■ **PROVIDED DATA**
lemma normal_gap_lipschitz_along_curve:
  fixes \<gamma> \<gamma>' :: "real \<Rightarrow> real^3"
  assumes surf: "smooth_surface S" and cb: "curvature_bounded S \<kappa>" and \<kappa>: "\<kappa> \<ge> 0"
    and d\<gamma>: "\<And>t. t \<in> {a..b} \<Longrightarrow> (\<gamma> has_vector_derivative \<gamma>' t) (at t within {a..b})"
    and unit: "\<And>t. t \<in> {a..b} \<Longrightarrow> norm (\<gamma>' t) = 1"
    and ab: "a < b" and inS: "\<gamma> ` {a..b} \<subseteq> S"
  shows "\<kappa>-lipschitz_on {a..b} (\<lambda>t. normal_gap S (\<gamma> t) n)"
proof (rule lipschitz_on_interval_if_locally[OF _ \<kappa>])
  fix t0 assume t0: "t0 \<in> {a..b}"
  then obtain U F G where ld: "local_defining S (\<gamma> t0) U F G"
    using surf inS unfolding smooth_surface_def by blast
  obtain d where d: "d > 0" "\<And>s. s \<in> {a..b} \<Longrightarrow> dist s t0 < d \<Longrightarrow> \<gamma> s \<in> U"
    using continuous_within_imp_near_in_open[OF has_vector_derivative_continuous[OF d\<gamma>[OF t0]]
        local_definingD(1,2)[OF ld]] by blast
  define J where "J = {a..b} \<inter> ball t0 d"
  have J: "s \<in> {a..b}" "\<gamma> s \<in> U" "\<gamma> s \<in> S" if "s \<in> J" for s
    using d that inS by (auto simp: J_def dist_commute)
  have N_lip: "\<kappa>-lipschitz_on J (\<lambda>s. sgn (G (\<gamma> s)))"
    by (rule gauss_map_lipschitz_along_curve[OF ld cb \<kappa> d\<gamma> unit ab inS])
      (auto simp: J_def convex_Int J(2))
  have "\<kappa>-lipschitz_on J (\<lambda>t. normal_gap S (\<gamma> t) n)"
  proof (rule lipschitz_onI[OF _ \<kappa>])
    fix u v assume uv: "u \<in> J" "v \<in> J"
    have "\<bar>normal_gap S (\<gamma> u) n - normal_gap S (\<gamma> v) n\<bar> \<le> norm (sgn (G (\<gamma> u)) - sgn (G (\<gamma> v)))"
      using normal_gap_diff_le[OF ld J(3,2)[OF uv(1)] J(3,2)[OF uv(2)]] .
    also have "\<dots> \<le> \<kappa> * dist u v" using lipschitz_onD[OF N_lip uv] by (simp add: dist_norm)
    finally show "dist (normal_gap S (\<gamma> u) n) (normal_gap S (\<gamma> v) n) \<le> \<kappa> * dist u v"
      by (simp add: dist_real_def)
  qed
  then show "\<exists>d>0. \<kappa>-lipschitz_on ({a..b} \<inter> ball t0 d) (\<lambda>t. normal_gap S (\<gamma> t) n)"
    using d(1) by (auto simp: J_def)
qed

lemma curve_tangent_normal_component_le:
  fixes \<gamma> \<gamma>' :: "real \<Rightarrow> real^3"
  assumes surf: "smooth_surface S" and cb: "curvature_bounded S \<kappa>" and \<kappa>: "\<kappa> \<ge> 0"
    and d\<gamma>: "\<And>t. t \<in> {a..b} \<Longrightarrow> (\<gamma> has_vector_derivative \<gamma>' t) (at t within {a..b})"
    and unit: "\<And>t. t \<in> {a..b} \<Longrightarrow> norm (\<gamma>' t) = 1"
    and ab: "a < b" and inS: "\<gamma> ` {a..b} \<subseteq> S"
    and s0: "s0 \<in> {a..b}" and n: "unit_normal S (\<gamma> s0) n" and t: "t \<in> {a..b}"
  shows "\<bar>\<gamma>' t \<bullet> n\<bar> \<le> \<kappa> * \<bar>t - s0\<bar>"
proof -
  obtain U F G where ld: "local_defining S (\<gamma> t) U F G"
    using surf inS t unfolding smooth_surface_def by blast
  have "G (\<gamma> t) \<bullet> \<gamma>' t = 0"
    using curve_tangent_orthogonal_gradient[OF ab t d\<gamma>[OF t] inS ld local_definingD(2)[OF ld]] .
  then have "\<bar>\<gamma>' t \<bullet> n\<bar> \<le> normal_gap S (\<gamma> t) n"
    using inner_unit_tangent_le_normal_gap[OF ld _ local_definingD(2)[OF ld] unit[OF t]] inS t by blast
  also have "\<dots> = \<bar>normal_gap S (\<gamma> t) n - normal_gap S (\<gamma> s0) n\<bar>"
    using normal_gap_eq_0[OF n] by (simp add: normal_gap_def infdist_nonneg)
  also have "\<dots> \<le> \<kappa> * \<bar>t - s0\<bar>"
    using lipschitz_onD[OF normal_gap_lipschitz_along_curve[OF surf cb \<kappa> d\<gamma> unit ab inS] t s0]
    by (simp add: dist_real_def)
  finally show ?thesis .
qed

lemma has_vector_derivative_inner_right:
  "(\<gamma> has_vector_derivative \<gamma>') F \<Longrightarrow> ((\<lambda>s. l \<bullet> \<gamma> s) has_vector_derivative l \<bullet> \<gamma>') F"
  unfolding has_vector_derivative_def
  by (drule has_derivative_inner_right[of _ _ _ l]) (simp add: mult.commute)

lemma inner_derivative_eq_0_if_constant:
  assumes ab: "a < b" and t: "t \<in> {a..b}"
    and d\<gamma>: "(\<gamma> has_vector_derivative \<gamma>') (at t within {a..b})"
    and const: "\<And>s. s \<in> {a..b} \<Longrightarrow> l \<bullet> \<gamma> s = c"
  shows "l \<bullet> \<gamma>' = 0"
  using has_vector_derivative_eq_0_if_locally_constant[OF ab t has_vector_derivative_inner_right[OF d\<gamma>]
      zero_less_one] const by blast

text \<open>All tangents lie in the plane of the curve, which has the orthonormal basis \<open>n\<close>, \<open>\<gamma>' s\<^sub>0\<close>.\<close>

lemma planar_unit_tangent_inner_sq:
  fixes \<gamma> \<gamma>' :: "real \<Rightarrow> real^3"
  assumes ab: "a < b"
    and d\<gamma>: "\<And>t. t \<in> {a..b} \<Longrightarrow> (\<gamma> has_vector_derivative \<gamma>' t) (at t within {a..b})"
    and unit: "\<And>t. t \<in> {a..b} \<Longrightarrow> norm (\<gamma>' t) = 1"
    and plane: "\<And>t. t \<in> {a..b} \<Longrightarrow> \<exists>u w. \<gamma> t = p + u *\<^sub>R n + w *\<^sub>R (q - p)"
    and n: "norm n = 1" and s0: "s0 \<in> {a..b}" and ne: "n \<bullet> \<gamma>' s0 = 0" and t: "t \<in> {a..b}"
  shows "(\<gamma>' t \<bullet> \<gamma>' s0)\<^sup>2 = 1 - (\<gamma>' t \<bullet> n)\<^sup>2"
proof -
  define e where "e = \<gamma>' s0"
  define m where "m = n \<times> (q - p)"
  have "m \<bullet> \<gamma> s = m \<bullet> p" if "s \<in> {a..b}" for s
    using plane[OF that] by (auto simp: m_def inner_add_right dot_cross_self)
  then have m_tangent: "m \<bullet> \<gamma>' s = 0" if "s \<in> {a..b}" for s
    using inner_derivative_eq_0_if_constant[OF ab that d\<gamma>[OF that]] by blast
  have "m \<noteq> 0"
  proof
    assume "m = 0"
    moreover have "n \<noteq> 0" using n by auto
    ultimately have qp: "q - p = ((q - p) \<bullet> n) *\<^sub>R n"
      using cross_dot_cancel[of n "q - p" "((q - p) \<bullet> n) *\<^sub>R n"] n
      by (simp add: m_def cross_mult_right inner_commute dot_square_norm)
    have "e \<bullet> (q - p) = 0" by (subst qp) (simp add: e_def ne inner_commute)
    then have "e \<bullet> \<gamma> s = e \<bullet> p" if "s \<in> {a..b}" for s
      using plane[OF that] ne by (auto simp: e_def inner_add_right inner_commute)
    then have "e \<bullet> e = 0"
      using inner_derivative_eq_0_if_constant[OF ab s0 d\<gamma>[OF s0]] by (simp add: e_def)
    then show False using unit[OF s0] by (simp add: e_def)
  qed
  define c where "c = n \<times> sgn m"
  have nm: "norm (sgn m) = 1" "n \<bullet> sgn m = 0"
    using \<open>m \<noteq> 0\<close> by (simp_all add: norm_sgn sgn_div_norm m_def dot_cross_self)
  have expand: "w = (w \<bullet> n) *\<^sub>R n + (w \<bullet> c) *\<^sub>R c" if "m \<bullet> w = 0" for w
    using orthonormal_frame_expansion[OF n nm, of w] that by (simp add: c_def sgn_div_norm inner_commute)
  have norm_sq: "(norm w)\<^sup>2 = (w \<bullet> n)\<^sup>2 + (w \<bullet> c)\<^sup>2" if "m \<bullet> w = 0" for w
    using norm_sq_orthonormal_frame[OF n nm, of w] that by (simp add: c_def sgn_div_norm inner_commute)
  have e_c: "e = (e \<bullet> c) *\<^sub>R c" and ec: "(e \<bullet> c)\<^sup>2 = 1"
    using expand[OF m_tangent[OF s0]] norm_sq[OF m_tangent[OF s0]] unit[OF s0] ne
    by (simp_all add: e_def inner_commute)
  have "\<gamma>' t \<bullet> e = (e \<bullet> c) * (\<gamma>' t \<bullet> c)" by (subst e_c) simp
  then have "(\<gamma>' t \<bullet> e)\<^sup>2 = (\<gamma>' t \<bullet> c)\<^sup>2" using ec by (simp add: power_mult_distrib)
  also have "\<dots> = 1 - (\<gamma>' t \<bullet> n)\<^sup>2" using norm_sq[OF m_tangent[OF t]] unit[OF t] by simp
  finally show ?thesis by (simp add: e_def)
qed

lemma planar_curve_tangent_lower_bound:
  fixes \<gamma> \<gamma>' \<gamma>'' :: "real \<Rightarrow> real^3"
  assumes d\<gamma>: "\<And>t. t \<in> {a..b} \<Longrightarrow> (\<gamma> has_vector_derivative \<gamma>' t) (at t within {a..b})"
    and d\<gamma>': "\<And>t. t \<in> {a..b} \<Longrightarrow> (\<gamma>' has_vector_derivative \<gamma>'' t) (at t within {a..b})"
    and unit: "\<And>t. t \<in> {a..b} \<Longrightarrow> norm (\<gamma>' t) = 1"
    and plane: "\<And>t. t \<in> {a..b} \<Longrightarrow> \<exists>u w. \<gamma> t = p + u *\<^sub>R n + w *\<^sub>R (q - p)"
    and n: "norm n = 1" and s0: "s0 \<in> {a, b}"
    and normal_dev: "\<And>t. t \<in> {a..b} \<Longrightarrow> \<bar>\<gamma>' t \<bullet> n\<bar> \<le> \<kappa> * \<bar>t - s0\<bar>"
    and \<kappa>: "\<kappa> \<ge> 0" and short: "\<kappa> * (b - a) \<le> 1" and t: "a < t" "t < b"
  shows "1 - \<kappa> * \<bar>t - s0\<bar> \<le> \<gamma>' s0 \<bullet> \<gamma>' t"
proof -
  have ab: "a < b" and s0I: "s0 \<in> {a..b}" using t s0 by auto
  have ne: "n \<bullet> \<gamma>' s0 = 0" using normal_dev[OF s0I] by (simp add: inner_commute)
  have "continuous_on {a..b} \<gamma>'"
    using d\<gamma>' by (meson continuous_on_eq_continuous_within has_vector_derivative_continuous)
  then have cont: "continuous_on {a..b} (\<lambda>t. \<gamma>' s0 \<bullet> \<gamma>' t)" by (intro continuous_intros)
  have "1 - (\<kappa> * \<bar>t - s0\<bar>)\<^sup>2 \<le> (\<gamma>' s0 \<bullet> \<gamma>' t)\<^sup>2" if "t \<in> {a..b}" for t
  proof -
    have "(\<gamma>' t \<bullet> n)\<^sup>2 \<le> (\<kappa> * \<bar>t - s0\<bar>)\<^sup>2"
      using normal_dev[OF that] by (metis abs_ge_zero power2_abs power_mono)
    then show ?thesis
      using planar_unit_tangent_inner_sq[OF ab d\<gamma> unit plane n s0I ne that] by (simp add: inner_commute)
  qed
  moreover have "\<gamma>' s0 \<bullet> \<gamma>' s0 = 1" using unit[OF s0I] by (simp add: dot_square_norm)
  moreover have "\<kappa> * \<bar>t - s0\<bar> < 1"
  proof (cases "\<kappa> = 0")
    case False
    have "\<bar>t - s0\<bar> < b - a" using t s0 by auto
    then have "\<kappa> * \<bar>t - s0\<bar> < \<kappa> * (b - a)" using False \<kappa> by simp
    then show ?thesis using short by linarith
  qed simp
  ultimately show ?thesis
    using continuous_lower_bound_from_square[OF cont s0I _ \<kappa>] t by simp
qed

■ **TASK INSTRUCTIONS**
For this exercise, repeat exactly the lines of the data above from the one with "using inner_derivative_eq_0_if_constant[OF ab that" down to the one with "using orthonormal_frame_expansion[OF n", both end lines included.

■ **SOLUTION FOR THIS TASK**
    using inner_derivative_eq_0_if_constant[OF ab that d\<gamma>[OF that]] by blast
  have "m \<noteq> 0"
  proof
    assume "m = 0"
    moreover have "n \<noteq> 0" using n by auto
    ultimately have qp: "q - p = ((q - p) \<bullet> n) *\<^sub>R n"
      using cross_dot_cancel[of n "q - p" "((q - p) \<bullet> n) *\<^sub>R n"] n
      by (simp add: m_def cross_mult_right inner_commute dot_square_norm)
    have "e \<bullet> (q - p) = 0" by (subst qp) (simp add: e_def ne inner_commute)
    then have "e \<bullet> \<gamma> s = e \<bullet> p" if "s \<in> {a..b}" for s
      using plane[OF that] ne by (auto simp: e_def inner_add_right inner_commute)
    then have "e \<bullet> e = 0"
      using inner_derivative_eq_0_if_constant[OF ab s0 d\<gamma>[OF s0]] by (simp add: e_def)
    then show False using unit[OF s0] by (simp add: e_def)
  qed
  define c where "c = n \<times> sgn m"
  have nm: "norm (sgn m) = 1" "n \<bullet> sgn m = 0"
    using \<open>m \<noteq> 0\<close> by (simp_all add: norm_sgn sgn_div_norm m_def dot_cross_self)
  have expand: "w = (w \<bullet> n) *\<^sub>R n + (w \<bullet> c) *\<^sub>R c" if "m \<bullet> w = 0" for w
    using orthonormal_frame_expansion[OF n nm, of w] that by (simp add: c_def sgn_div_norm inner_commute)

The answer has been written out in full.